### Saved data entries
lemma odd_cycle_sum_odd_r:
  assumes "2 \<le> s"
  shows "(\<Sum>d = 1..2 * s - 3. pair_count q (2 * t) d) = (\<Sum>i = 1..s - 2. binomz (int q) (int t - int i))"
proof -
  have "(\<Sum>d = 1..2 * s - 3. pair_count q (2 * t) d)
      = (\<Sum>i = 1..(2 * s - 3 + 1) div 2. 0) + (\<Sum>i = 1..(2 * s - 3) div 2. binomz (int q) (int t - int i))"
  proof (rule sum_split_parity_cases)
    show "pair_count q (2 * t) (2 * i - 1) = 0" if "1 \<le> i" for i
      by (rule pair_count_opposite_parity[where k = "int t - int i"]) (use that in simp)
    show "pair_count q (2 * t) (2 * i) = binomz (int q) (int t - int i)" for i
      by (rule pair_count_same_parity) simp
  qed
  also have "(2 * s - 3) div 2 = s - 2"
    using assms by presburger
  finally show ?thesis
    by simp
qed

lemma even_cycle_sum_even_r:
  assumes "1 \<le> t" and "2 \<le> s"
  shows "(\<Sum>d = 1..2 * s - 2. pair_count q (2 * t - 1) d + pair_count q (2 * t - 1) (d + 3))
       = (\<Sum>i = 1..s - 1. binomz (int q) (int t - int i)) + (\<Sum>i = 1..s - 1. binomz (int q) (int t - int i - 2))"
proof -
  have "(\<Sum>d = 1..2 * s - 2. pair_count q (2 * t - 1) d + pair_count q (2 * t - 1) (d + 3))
      = (\<Sum>i = 1..(2 * s - 2 + 1) div 2. binomz (int q) (int t - int i))
        + (\<Sum>i = 1..(2 * s - 2) div 2. binomz (int q) (int t - int i - 2))"
  proof (rule sum_split_parity_cases)
    fix i :: nat assume "1 \<le> i"
    have "pair_count q (2 * t - 1) (2 * i - 1) = binomz (int q) (int t - int i)"
      by (rule pair_count_same_parity) (use assms \<open>1 \<le> i\<close> in simp)
    moreover have "pair_count q (2 * t - 1) (2 * i - 1 + 3) = 0"
      by (rule pair_count_opposite_parity[where k = "int t - int i - 2"]) (use assms \<open>1 \<le> i\<close> in simp)
    ultimately show "pair_count q (2 * t - 1) (2 * i - 1) + pair_count q (2 * t - 1) (2 * i - 1 + 3)
        = binomz (int q) (int t - int i)"
      by simp
    have "pair_count q (2 * t - 1) (2 * i) = 0"
      by (rule pair_count_opposite_parity[where k = "int t - int i - 1"]) (use assms in simp)
    moreover have "pair_count q (2 * t - 1) (2 * i + 3) = binomz (int q) (int t - int i - 2)"
      by (rule pair_count_same_parity) (use assms in simp)
    ultimately show "pair_count q (2 * t - 1) (2 * i) + pair_count q (2 * t - 1) (2 * i + 3)
        = binomz (int q) (int t - int i - 2)"
      by simp
  qed
  also have "(2 * s - 2 + 1) div 2 = s - 1"
    using assms by presburger
  also have "(2 * s - 2) div 2 = s - 1"
    using assms by presburger
  finally show ?thesis
    by simp
qed

lemma even_cycle_sum_odd_r:
  assumes "2 \<le> s"
  shows "(\<Sum>d = 1..2 * s - 2. pair_count q (2 * t) d + pair_count q (2 * t) (d + 3))
       = (\<Sum>i = 1..s - 1. binomz (int q + 1) (int t - int i))"
proof -
  have "(\<Sum>d = 1..2 * s - 2. pair_count q (2 * t) d + pair_count q (2 * t) (d + 3))
      = (\<Sum>i = 1..(2 * s - 2 + 1) div 2. binomz (int q) (int t - int i - 1))
        + (\<Sum>i = 1..(2 * s - 2) div 2. binomz (int q) (int t - int i))"
  proof (rule sum_split_parity_cases)
    fix i :: nat assume "1 \<le> i"
    have "pair_count q (2 * t) (2 * i - 1) = 0"
      by (rule pair_count_opposite_parity[where k = "int t - int i"]) (use \<open>1 \<le> i\<close> in simp)
    moreover have "pair_count q (2 * t) (2 * i - 1 + 3) = binomz (int q) (int t - int i - 1)"
      by (rule pair_count_same_parity) (use \<open>1 \<le> i\<close> in simp)
    ultimately show "pair_count q (2 * t) (2 * i - 1) + pair_count q (2 * t) (2 * i - 1 + 3)
        = binomz (int q) (int t - int i - 1)"
      by simp
    have "pair_count q (2 * t) (2 * i) = binomz (int q) (int t - int i)"
      by (rule pair_count_same_parity) simp
    moreover have "pair_count q (2 * t) (2 * i + 3) = 0"
      by (rule pair_count_opposite_parity[where k = "int t - int i - 2"]) simp
    ultimately show "pair_count q (2 * t) (2 * i) + pair_count q (2 * t) (2 * i + 3)
        = binomz (int q) (int t - int i)"
      by simp
  qed
  also have "(2 * s - 2 + 1) div 2 = s - 1"
    using assms by presburger
  also have "(2 * s - 2) div 2 = s - 1"
    using assms by presburger
  also have "(\<Sum>i = 1..s - 1. binomz (int q) (int t - int i - 1))
      + (\<Sum>i = 1..s - 1. binomz (int q) (int t - int i))
      = (\<Sum>i = 1..s - 1. binomz (int q) (int t - int i) + binomz (int q) (int t - int i - 1))"
    by (simp add: sum.distrib)
  also have "\<dots> = (\<Sum>i = 1..s - 1. binomz (int q + 1) (int t - int i))"
    by (intro sum.cong refl binomz_Pascal[symmetric]) simp
  finally show ?thesis .
qed

lemma pair_count_ends_even_r:
  assumes "1 \<le> t"
  shows "pair_count q (2 * t - 1) 1 + pair_count q (2 * t - 1) (1 + 2 * s)
       = binomz (int q) (int t - 1) + binomz (int q) (int t - int s - 1)"
proof -
  have "pair_count q (2 * t - 1) 1 = binomz (int q) (int t - 1)"
    by (rule pair_count_same_parity) (use assms in simp)
  moreover have "pair_count q (2 * t - 1) (1 + 2 * s) = binomz (int q) (int t - int s - 1)"
    by (rule pair_count_same_parity) (use assms in simp)
  ultimately show ?thesis
    by simp
qed

lemma pair_count_ends_odd_r: "pair_count q (2 * t) 1 + pair_count q (2 * t) (1 + 2 * s) = 0"
proof -
  have "pair_count q (2 * t) 1 = 0"
    by (rule pair_count_opposite_parity[where k = "int t - 1"]) simp
  moreover have "pair_count q (2 * t) (1 + 2 * s) = 0"
    by (rule pair_count_opposite_parity[where k = "int t - int s - 1"]) simp
  ultimately show ?thesis
    by simp
qed

text \<open>For \<open>q = r - s - 2\<close> and \<open>r = 2t\<close>, the symmetry \<open>B(t - s - 1) = B(t - 1)\<close> of
  \<open>B = binomz q\<close> and Pascal's rule collapse the sums to the closed form of the paper.\<close>

lemma even_cycle_count_even_r:
  fixes q s t :: nat
  assumes t: "1 \<le> t" and s: "2 \<le> s" and q: "q + s + 2 = 2 * t"
  shows "int (2 * s) * (\<Sum>d = 1..2 * s - 2. pair_count q (2 * t - 1) d + pair_count q (2 * t - 1) (d + 3))
         + 3 * (pair_count q (2 * t - 1) 1 + pair_count q (2 * t - 1) (1 + 2 * s))
       = 2 * (int (2 * s) + 3) * binomz (int q) (int t - 1)
         + int (2 * s) * (\<Sum>i = 1..s - 2. binomz (int q + 1) (int t - int i - 1))"
proof -
  define B where "B = binomz (int q)"
  define X where "X = (\<Sum>i = 1..s - 2. B (int t - int i - 1))"
  define Y where "Y = (\<Sum>i = 1..s - 2. B (int t - int i - 2))"
  have s_minus: "s - 1 = Suc (s - 2)"
    using s by simp
  have complement: "int t - int s - 1 = int q - (int t - 1)"
    using q by linarith
  have symmetric: "B (int t - int s - 1) = B (int t - 1)"
    unfolding B_def complement by (rule binomz_symmetric[symmetric]) simp
  have "(\<Sum>i = 1..s - 1. B (int t - int i)) = B (int t - 1) + (\<Sum>i = Suc 1..Suc (s - 2). B (int t - int i))"
    unfolding s_minus by (subst sum.atLeast_Suc_atMost) simp_all
  also have "\<dots> = B (int t - 1) + X"
    unfolding X_def sum.shift_bounds_cl_Suc_ivl by (simp add: algebra_simps)
  moreover have "(\<Sum>i = 1..s - 1. B (int t - int i - 2)) = Y + B (int t - int s - 1)"
    unfolding Y_def s_minus using s by (simp add: algebra_simps)
  moreover have "(\<Sum>i = 1..s - 2. binomz (int q + 1) (int t - int i - 1))
      = (\<Sum>i = 1..s - 2. B (int t - int i - 1) + B (int t - int i - 1 - 1))"
    unfolding B_def by (intro sum.cong refl binomz_Pascal) simp
  then have "(\<Sum>i = 1..s - 2. binomz (int q + 1) (int t - int i - 1)) = X + Y"
    unfolding X_def Y_def sum.distrib by (simp add: algebra_simps)
  ultimately show ?thesis
    unfolding even_cycle_sum_even_r[OF t s] pair_count_ends_even_r[OF t] B_def[symmetric] symmetric
    by (simp add: algebra_simps)
qed

lemma even_cycle_count_odd_r:
  assumes "2 \<le> s"
  shows "int (2 * s) * (\<Sum>d = 1..2 * s - 2. pair_count q (2 * t) d + pair_count q (2 * t) (d + 3))
         + 3 * (pair_count q (2 * t) 1 + pair_count q (2 * t) (1 + 2 * s))
       = int (2 * s) * (\<Sum>i = 1..s - 1. binomz (int q + 1) (int t - int i))"
  unfolding even_cycle_sum_odd_r[OF assms] pair_count_ends_odd_r by simp

lemma N3_card_odd_cycle_type:
  assumes t: "1 \<le> t" and r: "r = 2 * t \<or> r = 2 * t + 1"
    and hyps: "2 \<le> s \<and> s \<le> r \<and> p \<in> Sym n
        \<and> ncyc n p (2*s-1) = 1 \<and> ncyc n p 2 = r - s
        \<and> (\<forall>c \<in> nontriv_cycles n p. card c = 2*s-1 \<or> card c = 2)"
  shows "int (card (N3 n p)) =
          (if r = 2*t
           then int (2*s-1) * (\<Sum>i=1..s-1. binomz (int r - int s) (int t - int i))
           else int (2*s-1) * (\<Sum>i=1..s-2. binomz (int r - int s) (int t - int i)))"
proof -
  interpret Sym_member p n
    using hyps by unfold_locales blast
  have s: "2 \<le> s" "s \<le> r"
    using hyps by auto
  have card: "int (card (N3 n p)) = int (2 * s - 1) * (\<Sum>d = 1..2 * s - 3. pair_count (r - s) (r - 1) d)"
    using card_N3_odd_cycle_type[OF s(1)] hyps s unfolding nontriv_cycles_eq by simp
  have q: "int (r - s) = int r - int s"
    using s by simp
  show ?thesis
  proof (cases "r = 2 * t")
    case True
    then show ?thesis
      using card odd_cycle_sum_even_r[OF t s(1), of "r - s"] q by simp
  next
    case False
    with r have "r - 1 = 2 * t"
      by simp
    with False show ?thesis
      using card odd_cycle_sum_odd_r[OF s(1), of "r - s" t] q by simp
  qed
qed

lemma N3_card_even_cycle_type:
  assumes t: "1 \<le> t" and r: "r = 2 * t \<or> r = 2 * t + 1"
    and hyps: "2 \<le> s \<and> s \<le> r - 2 \<and> p \<in> Sym n
        \<and> ncyc n p (2*s) = 1 \<and> ncyc n p 3 = 1 \<and> ncyc n p 2 = r - s - 2
        \<and> (\<forall>c \<in> nontriv_cycles n p. card c = 2*s \<or> card c = 3 \<or> card c = 2)"
  shows "int (card (N3 n p)) =
          (if r = 2*t
           then 2 * (int (2*s) + 3) * binomz (int r - int s - 2) (int t - 1)
                + int (2*s) * (\<Sum>i=1..s-2. binomz (int r - int s - 1) (int t - int i - 1))
           else int (2*s) * (\<Sum>i=1..s-1. binomz (int r - int s - 1) (int t - int i)))"
proof -
  interpret Sym_member p n
    using hyps by unfold_locales blast
  define q where "q = r - s - 2"
  have s: "2 \<le> s" "s + 2 \<le> r"
    using hyps by auto
  have long: "ncyc n p (2 * s) = 1" and three: "ncyc n p 3 = 1" and two: "ncyc n p 2 = q"
    and types: "\<forall>C\<in>cycles. card C = 2 * s \<or> card C = 3 \<or> card C = 2"
    using hyps unfolding nontriv_cycles_eq q_def by auto
  have R: "s + q + 1 = r - 1"
    using s unfolding q_def by simp
  have card: "int (card (N3 n p)) =
      int (2 * s) * (\<Sum>d = 1..2 * s - 2. pair_count q (r - 1) d + pair_count q (r - 1) (d + 3))
      + 3 * (pair_count q (r - 1) 1 + pair_count q (r - 1) (1 + 2 * s))"
    using card_N3_even_cycle_type[OF s(1) long three types] unfolding two R .
  have q_int: "int q = int r - int s - 2" and Suc_q_int: "int q + 1 = int r - int s - 1"
    using s unfolding q_def by simp_all
  have binomz_q: "binomz (int r - int s - 2) = binomz (int q)"
    unfolding q_int ..
  have binomz_Suc_q: "binomz (int r - int s - 1) = binomz (int q + 1)"
    unfolding Suc_q_int ..
  show ?thesis
  proof (cases "r = 2 * t")
    case True
    then have R: "r - 1 = 2 * t - 1" and q_t: "q + s + 2 = 2 * t"
      using s unfolding q_def by simp_all
    show ?thesis
      unfolding if_P[OF True] binomz_q binomz_Suc_q card R
      by (rule even_cycle_count_even_r[OF t s(1) q_t])
  next
    case False
    with r have R: "r - 1 = 2 * t"
      by simp
    show ?thesis
      unfolding if_not_P[OF False] binomz_Suc_q card R
      by (rule even_cycle_count_odd_r[OF s(1)])
  qed
qed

### BRIEF
From the opening line of the data above through the line that contains "that in simp)", please print each line as it stands and only those lines.

### THE COMPLETED TASK
lemma odd_cycle_sum_odd_r:
  assumes "2 \<le> s"
  shows "(\<Sum>d = 1..2 * s - 3. pair_count q (2 * t) d) = (\<Sum>i = 1..s - 2. binomz (int q) (int t - int i))"
proof -
  have "(\<Sum>d = 1..2 * s - 3. pair_count q (2 * t) d)
      = (\<Sum>i = 1..(2 * s - 3 + 1) div 2. 0) + (\<Sum>i = 1..(2 * s - 3) div 2. binomz (int q) (int t - int i))"
  proof (rule sum_split_parity_cases)
    show "pair_count q (2 * t) (2 * i - 1) = 0" if "1 \<le> i" for i
      by (rule pair_count_opposite_parity[where k = "int t - int i"]) (use that in simp)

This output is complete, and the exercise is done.